Things intensified when Clark presented Rosen and his deputy, Richard Donoghue, with a letter that he wanted them to sign, urging state legislatures to hold special sessions for the purpose of replacing legally appointed slates of electors with new slates, with the clear implication that Trump would then be declared the winner.
When Rosen was appalled and disgusted by Clark’s letter, Clark’s response was basically extortion. He told Rosen that Trump had suggested to him that Trump could fire Rosen and install Clark in his place. Clark said that if Rosen signed the letter, he would turn down Trump’s offer and Rosen could keep his job.
It all came to a head at an extraordinary White House meeting on Jan. 3, with all the major players in attendance. “One thing we know is you, Rosen, aren’t going to do anything to overturn the election,” Trump said, according to Rosen’s testimony. The question being discussed was whether Trump would fire Rosen and replace him with Clark, who would then begin pressuring state legislatures to overturn their election results.
That's where the threats to resign came in. "So how," asked Waldman, "do you defend Trump in the face of that? The Senate Judiciary Committee’s Republican minority under the direction of Chuck Grassley (R-IA) released a response so laughably indulgent of Trump’s actions that it amounts to, 'Mr. Dillinger was merely trying to make a withdrawal from the bank, what is everyone getting so worked up about?' The Republican response portrays Trump as little more than a concerned citizen hoping to clear up any questions about the election. Trump, they write, 'expressed concern with ensuring that DOJ was doing its job of fully investigating allegations of election fraud so that the American people would have confidence in the results of the 2020 election.' Why, he merely wanted to make sure Americans felt good about the election! How could anyone think otherwise?"
All the reporting and investigations of Trump’s coup attempt make clear that the effort to overturn the election was haphazard, ad hoc and at times deeply stupid, yet at the same time utterly terrifying. It’s a good lesson: The people who do the most damage to our country and democracy aren’t necessarily brilliant supervillains.
Sometimes calamity occurs because a bunch of scoundrels and fools were presented with an opportunity to do their worst. And in this case, those scoundrels and fools were stopped only because some other people managed to find an ounce or two of courage.
They are not heroes. They went to work for Trump knowing full well who he was. But at that moment, they were unwilling to cooperate in a coup, and their resistance deprived it of a key element it needed.

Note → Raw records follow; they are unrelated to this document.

(* In the setting below, if $\alpha=0$ or $\alpha$ is a limit ordinal, then there exists $x\in M_{\alpha+1}$ such that $\bigcup x\notin M$.
   Context: Work in ZFA (ZF with a set $A$ of atoms, i.e. urelements that have no elements), extended by a primitive binary relation $\preccurlyeq$ on $A$, with Separation and Replacement holding for formulas mentioning $\preccurlyeq$. $A$ is an infinite set of atoms and $\preccurlyeq$ is a pre-ordering (reflexive, transitive) on $A$ with no minimal elements: for every $a\in A$ there is $b\in A$ with $b\preccurlyeq a$ and not $a\preccurlyeq b$. For $a\in A$, $pr(a)=\{b\in A:b\preccurlyeq a\}$; $LO(A,\preccurlyeq)$ is the set of nonempty $x\subseteq A$ with $pr(a)\subseteq x$ for all $a\in x$. For a set $X$ of sets, $LO(X,\subseteq)$ is the set of nonempty $x\subseteq X$ such that for every $y\in x$ and every $z\in X$ with $z\subseteq y$, $z\in x$. The magmatic hierarchy: $M_1=LO(A,\preccurlyeq)$; $M_{\alpha+1}=LO(M_\alpha,\subseteq)$ for $\alpha\geq1$; $M_\alpha=\bigcup_{1\leq\beta<\alpha}M_\beta$ for limit $\alpha$; $M=\bigcup_{\alpha\geq1}M_\alpha$. $\bigcup x=\{z:\exists y\in x\,(z\in y)\}$, where atoms have no elements (so $\bigcup x=\emptyset$ if $x\subseteq A$). *)

theory Defs
  imports Main
begin

text \<open>Separation and Replacement are stated
second-order (for arbitrary HOL predicates / functions), which in particular covers
all formulas mentioning the primitive relation le (the pre-ordering on A).\<close>

definition elts :: "('v \<Rightarrow> 'v \<Rightarrow> bool) \<Rightarrow> 'v \<Rightarrow> 'v set" where
  "elts mem x = {z. mem z x}"
private lemma rcos_pow:
  "r_coset additive_group L v [^]\<^bsub>additive_group Mod L\<^esub> (n::nat)
     = r_coset additive_group L (v [^]\<^bsub>additive_group\<^esub> n)"
  by (rule normal.FactGroup_pow[OF normal]) simp

lemma lattice_index_pow_mem: "v [^]\<^bsub>additive_group\<^esub> lattice_index L \<in> L"
proof (rule rcos_eq_self_imp_mem)
  have "r_coset additive_group L v \<in> carrier (additive_group Mod L)"
    unfolding carrier_FactGroup by simp
  then show "r_coset additive_group L (v [^]\<^bsub>additive_group\<^esub> lattice_index L) = L"
    using group.pow_order_eq_1[OF quotient_group] by (simp flip: rcos_pow order_additive_group_Mod)
qed

text \<open>Cauchy's theorem for the quotient, via a Sylow subgroup.\<close>
lemma prime_dvd_lattice_index_imp_torsion:
  assumes q: "prime q" and dvd: "q dvd lattice_index L"
  obtains v a where "v \<notin> L" "v [^]\<^bsub>additive_group\<^esub> (q ^ a) \<in> L"
proof -
  define m where "m = multiplicity q (lattice_index L)"
  have "Coset.order (additive_group Mod L) = q ^ m * (lattice_index L div q ^ m)"
    by (simp add: order_additive_group_Mod m_def multiplicity_dvd)
  then obtain Q where Q: "subgroup Q (additive_group Mod L)" "card Q = q ^ m"
    using sylow_thm[OF q quotient_group _ finite_quotient] by blast
  have "m > 0"
    using finite_index dvd q unfolding m_def by (simp add: prime_multiplicity_gt_zero_iff)
  then have "card Q \<ge> 2"
    using Q(2) prime_ge_2_nat[OF q] self_le_power[of q m] by simp
  then have "\<not> Q \<subseteq> {L}"
    using card_mono[of "{L}" Q] by auto
  then obtain C where C: "C \<in> Q" "C \<noteq> L"
    by blast
  then obtain v where v: "C = r_coset additive_group L v"
    using subgroup.subset[OF Q(1)] unfolding carrier_FactGroup by auto
  have "C [^]\<^bsub>(additive_group Mod L)\<lparr>carrier := Q\<rparr>\<^esub> (q ^ m) = L"
    using group.pow_order_eq_1[OF subgroup.subgroup_is_group[OF Q(1) quotient_group], of C] C Q(2)
    by (simp add: Coset.order_def)
  then have "r_coset additive_group L (v [^]\<^bsub>additive_group\<^esub> (q ^ m)) = L"
    by (simp flip: monoid.nat_pow_consistent[OF group.is_monoid[OF quotient_group]] rcos_pow add: v)
  moreover have "v \<notin> L"
    using C v subgroup.rcos_const[OF subgroup group_additive_group] by blast
  ultimately show thesis
    using that rcos_eq_self_imp_mem by blast
qed

end

section \<open>Characters\<close>

lemma character_nonzero: "is_character \<theta> \<Longrightarrow> \<theta> x \<noteq> 0"
  unfolding is_character_def by blast

lemma character_add: "is_character \<theta> \<Longrightarrow> \<theta> (x + y) = \<theta> x * \<theta> y"
  unfolding is_character_def by blast

lemma character_zero:
  assumes "is_character \<theta>" shows "\<theta> 0 = 1"
proof -
  have "\<theta> 0 * \<theta> 0 = \<theta> 0 * 1"
    using character_add[OF assms, of 0 0] by simp
  then show ?thesis
    using character_nonzero[OF assms] by (metis mult_left_cancel)
qed

lemma character_diff:
  fixes \<theta> :: "'z::ab_group_add \<Rightarrow> 'k::field"
  assumes "is_character \<theta>" shows "\<theta> (x - y) = \<theta> x / \<theta> y"
  using character_add[OF assms, of "x - y" y] character_nonzero[OF assms, of y]
  by (simp add: field_simps)

lemma character_pow:
  fixes \<theta> :: "'z::ab_group_add \<Rightarrow> 'k::field"
  assumes "is_character \<theta>" shows "\<theta> (x [^]\<^bsub>additive_group\<^esub> n) = \<theta> x ^ n"
  by (induct n) (simp_all add: character_zero[OF assms] character_add[OF assms] mult.commute)

lemma character_sum:
  fixes \<theta> :: "'z::comm_monoid_add \<Rightarrow> 'k::field"
  assumes "is_character \<theta>" shows "\<theta> (\<Sum>a\<in>A. g a) = (\<Prod>a\<in>A. \<theta> (g a))"
  by (induct A rule: infinite_finite_induct) (simp_all add: character_zero[OF assms] character_add[OF assms])

lemma transl_character: "is_character \<theta> \<Longrightarrow> transl v \<theta> = fscale (\<theta> v) \<theta>"
  by (simp add: transl_def fscale_def fun_eq_iff character_add mult.commute)

lemma subgroup_character_kernel:
  fixes \<Theta> :: "('z::ab_group_add \<Rightarrow> 'k::field) set"
  assumes "\<forall>\<theta>\<in>\<Theta>. is_character \<theta>"
  shows "subgroup {v. \<forall>\<theta>\<in>\<Theta>. \<theta> v = 1} additive_group"
  using assms by (intro subgroup_additive_groupI) (auto simp: character_zero character_diff)

lemma coset_character_kernel:
  fixes \<Theta> :: "('z::ab_group_add \<Rightarrow> 'k::field) set"
  assumes "\<forall>\<theta>\<in>\<Theta>. is_character \<theta>"
  shows "(\<lambda>w. v + w) ` {u. \<forall>\<theta>\<in>\<Theta>. \<theta> u = 1} = {w. \<forall>\<theta>\<in>\<Theta>. \<theta> w = \<theta> v}"
proof (intro equalityI subsetI)
  fix w assume "w \<in> {w. \<forall>\<theta>\<in>\<Theta>. \<theta> w = \<theta> v}"
  then have "w - v \<in> {u. \<forall>\<theta>\<in>\<Theta>. \<theta> u = 1}"
    using assms by (auto simp: character_diff character_nonzero)
  then show "w \<in> (\<lambda>w. v + w) ` {u. \<forall>\<theta>\<in>\<Theta>. \<theta> u = 1}"
    by (intro image_eqI[of _ _ "w - v"]) simp_all
qed (use assms in \<open>auto simp: character_add\<close>)
(* Let $\mathbb{X}$ be a finite-dimensional strictly convex real Banach space and $\mathbb{Y}$ a finite-dimensional smooth real Banach space (both of dimension greater than $1$). Let $T\in\mathbb{L}(\mathbb{X},\mathbb{Y})$ with $\|T\|=1$. Then $T$ is a smooth point of $\mathbb{L}(\mathbb{X},\mathbb{Y})$ if and only if for every $\epsilon>0$, $T$ admits a uniform $\epsilon$-BPB approximation $A\neq T$ which is itself a smooth point of $\mathbb{L}(\mathbb{X},\mathbb{Y})$.
   Context: $\mathbb{L}(\mathbb{X},\mathbb{Y})$ is the space of linear operators with the operator norm; $S_{\mathbb{X}}$ is the unit sphere. $\mathbb{X}$ is strictly convex if every point of $S_{\mathbb{X}}$ is an extreme point of the unit ball. A nonzero element $x$ of a Banach space $\mathbb{Z}$ is a smooth point if there is a unique $f\in\mathbb{Z}^*$ with $\|f\|=1$ and $f(x)=\|x\|$; $\mathbb{Y}$ is smooth if all its nonzero points are smooth. For $T$ with $\|T\|=1$ and fixed $\epsilon>0$, an operator $A\in\mathbb{L}(\mathbb{X},\mathbb{Y})$ with $\|A\|=1$ is a uniform $\epsilon$-BPB approximation of $T$ if there exists $\delta(\epsilon)>0$ such that whenever $x_0\in S_{\mathbb{X}}$ satisfies $\|Tx_0\|>1-\delta(\epsilon)$, there exists $u_0\in S_{\mathbb{X}}$ with $\|Au_0\|=1$, $\|u_0-x_0\|<\epsilon$ and $\|A-T\|<\epsilon$. *)

theory Defs
  imports "HOL-Analysis.Analysis"
begin

definition fin_dim_space :: "'a::real_normed_vector itself \<Rightarrow> bool" where
  "fin_dim_space _ \<longleftrightarrow> (\<exists>B::'a set. finite B \<and> span B = UNIV)"

definition strictly_convex_space :: "'a::real_normed_vector itself \<Rightarrow> bool" where
  "strictly_convex_space _ \<longleftrightarrow> (\<forall>x::'a \<in> sphere 0 1. x extreme_point_of cball 0 1)"

definition smooth_point :: "'z::real_normed_vector \<Rightarrow> bool" where
  "smooth_point x \<longleftrightarrow> x \<noteq> 0 \<and>
     (\<exists>!f::'z \<Rightarrow>\<^sub>L real. norm f = 1 \<and> blinfun_apply f x = norm x)"

definition smooth_space :: "'a::real_normed_vector itself \<Rightarrow> bool" where
  "smooth_space _ \<longleftrightarrow> (\<forall>y::'a. y \<noteq> 0 \<longrightarrow> smooth_point y)"

text \<open>Uniform epsilon-BPB approximation A of T (with norm T = 1 assumed separately).\<close>
definition uniform_BPB_approx ::
  "real \<Rightarrow> ('a::real_normed_vector \<Rightarrow>\<^sub>L 'b::real_normed_vector) \<Rightarrow> ('a \<Rightarrow>\<^sub>L 'b) \<Rightarrow> bool" where
  "uniform_BPB_approx \<epsilon> T A \<longleftrightarrow> norm A = 1 \<and>
     (\<exists>\<delta>>0. \<forall>x0 \<in> sphere 0 1. norm (T x0) > 1 - \<delta> \<longrightarrow>
        (\<exists>u0 \<in> sphere 0 1. norm (A u0) = 1 \<and> norm (u0 - x0) < \<epsilon> \<and> norm (A - T) < \<epsilon>))"

end

theory Submission
  imports Defs
begin

(* The unit sphere of the domain is compact, and a norm-one operator S is a smooth point of
   L(X,Y) exactly when its norming points form a single pair {u, -u}.  If S is smooth, testing
   the support functionals V |-> g (V u) on a rank-one operator forces any two norming points to
   be equal up to sign, by strict convexity of X.  Conversely, if only +-u norm S, every support
   functional of S annihilates the operators vanishing at u (perturb S by such an operator: near
   +-u it is small, elsewhere S has room), hence it is V |-> g (V u) for the unique support
   functional g of the smooth point S u.

   For smooth T with norming points +-x0 and psi = g o T, the operator (1-t) T + t psi (x) T x0,
   or psi (x) w for a unit vector w near T x0 when T is itself of rank one, is smooth, close to T,
   and still norms x0; compactness then yields the uniform Bishop-Phelps-Bollobas property.
   Conversely, a smooth uniform BPB approximation has only two norming points +-u, and every
   norming point of T lies within epsilon of one of them, so T has only the norming points +-x0. *)

lemma scaled_infdist_le_norm:
  fixes M :: "'a::real_normed_vector set"
  assumes "subspace M" "y \<in> M"
  shows "\<bar>t\<bar> * infdist b M \<le> norm (y + t *\<^sub>R b)"
proof (cases "t = 0")
  case False
  have "- (1 / t) *\<^sub>R y \<in> M"
    using assms by (simp add: subspace_scale subspace_neg)
  then have "infdist b M \<le> dist b (- (1 / t) *\<^sub>R y)"
    by (rule infdist_le)
  also have "\<dots> = norm (y + t *\<^sub>R b) / \<bar>t\<bar>"
  proof -
    have "b + (1 / t) *\<^sub>R y = (1 / t) *\<^sub>R (y + t *\<^sub>R b)"
      using False by (simp add: algebra_simps)
    then show ?thesis by (simp add: dist_norm)
  qed
  finally show ?thesis
    using False by (simp add: field_simps)
qed simp

lemma bounded_seq_in_finite_span_convergent_subseq:
  fixes B :: "'a::real_normed_vector set" and f :: "nat \<Rightarrow> 'a"
  assumes "finite B" "\<And>n. f n \<in> span B" "bounded (range f)"
  shows "\<exists>l\<in>span B. \<exists>r. strict_mono r \<and> (f \<circ> r) \<longlonglongrightarrow> l"
  using assms
proof (induction B arbitrary: f rule: finite_induct)
  case (empty f)
  then have "f = (\<lambda>n. 0)" by auto
  then have "strict_mono id \<and> (f \<circ> id) \<longlonglongrightarrow> 0"
    by (simp add: strict_mono_id)
  then show ?case using span_zero by blast
next
  case (insert b B f)
  show ?case
  proof (cases "b \<in> span B")
    case True
    then show ?thesis using insert by (simp add: span_redundant)
  next
    case False
    have "closed (span B)"
    proof (rule closed_sequential_limits[THEN iffD2], intro allI impI, elim conjE)
      fix x l assume xB: "\<forall>n. x n \<in> span B" and xl: "x \<longlonglongrightarrow> l"
      obtain l' r where "l' \<in> span B" "strict_mono r" "(x \<circ> r) \<longlonglongrightarrow> l'"
        using insert.IH xB convergent_imp_bounded[OF xl] by blast
      moreover have "(x \<circ> r) \<longlonglongrightarrow> l" using xl \<open>strict_mono r\<close> by (rule LIMSEQ_subseq_LIMSEQ)
      ultimately show "l \<in> span B" using LIMSEQ_unique by metis
    qed
    then have d: "infdist b (span B) > 0"
      using infdist_pos_not_in_closed False span_zero by blast
    obtain M where M: "\<And>n. norm (f n) \<le> M"
      using insert.prems(2) by (auto simp: bounded_iff)
    have "\<forall>n. \<exists>c. f n - c *\<^sub>R b \<in> span B"
      using insert.prems(1) span_breakdown_eq by blast
    then obtain t where t: "\<And>n. f n - t n *\<^sub>R b \<in> span B"
      by metis
    define y where "y n = f n - t n *\<^sub>R b" for n
    have t_bound: "\<bar>t n\<bar> \<le> M / infdist b (span B)" for n
      using scaled_infdist_le_norm[OF subspace_span t[of n], of "t n" b] M[of n] d
      by (simp add: field_simps)
    then have "bounded (range t)"
      by (auto simp: bounded_iff)
    then obtain \<tau> r1 where r1: "strict_mono r1" "(t \<circ> r1) \<longlonglongrightarrow> \<tau>"
      using bounded_imp_convergent_subsequence by blast
    have "norm (y n) \<le> M + M / infdist b (span B) * norm b" for n
      using norm_triangle_ineq4[of "f n" "t n *\<^sub>R b"] M[of n]
        mult_right_mono[OF t_bound[of n] norm_ge_zero[of b]]
      by (simp add: y_def)
    then have "bounded (range (y \<circ> r1))"
      by (auto simp: bounded_iff)
    then obtain l r2 where r2: "l \<in> span B" "strict_mono r2" "(y \<circ> r1 \<circ> r2) \<longlonglongrightarrow> l"
      using insert.IH t by (metis comp_apply y_def)
    have "(t \<circ> r1 \<circ> r2) \<longlonglongrightarrow> \<tau>"
      using r1(2) r2(2) by (rule LIMSEQ_subseq_LIMSEQ)
    then have "(\<lambda>n. (y \<circ> r1 \<circ> r2) n + (t \<circ> r1 \<circ> r2) n *\<^sub>R b) \<longlonglongrightarrow> l + \<tau> *\<^sub>R b"
      by (intro tendsto_intros r2(3))
    then have "(f \<circ> (r1 \<circ> r2)) \<longlonglongrightarrow> l + \<tau> *\<^sub>R b"
      by (simp add: y_def o_def)
    moreover have "l + \<tau> *\<^sub>R b \<in> span (insert b B)"
      using r2(1) by (meson span_add span_base span_mono span_scale insertI1 subset_insertI subsetD)
    ultimately show ?thesis
      using strict_mono_o[OF r1(1) r2(2)] by blast
  qed
qed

The Judiciary Committee recommends strengthening rules that govern the relationship between the White House and Justice Department to make another attempted coup less likely in the future. But it’s clear that to the Trump administration-- and perhaps to future administrations-- the rules didn’t matter. All that leaves us with is the person of the president, and the people he appoints.
Which makes you wonder what will protect us if Trump, or someone like him, becomes president again.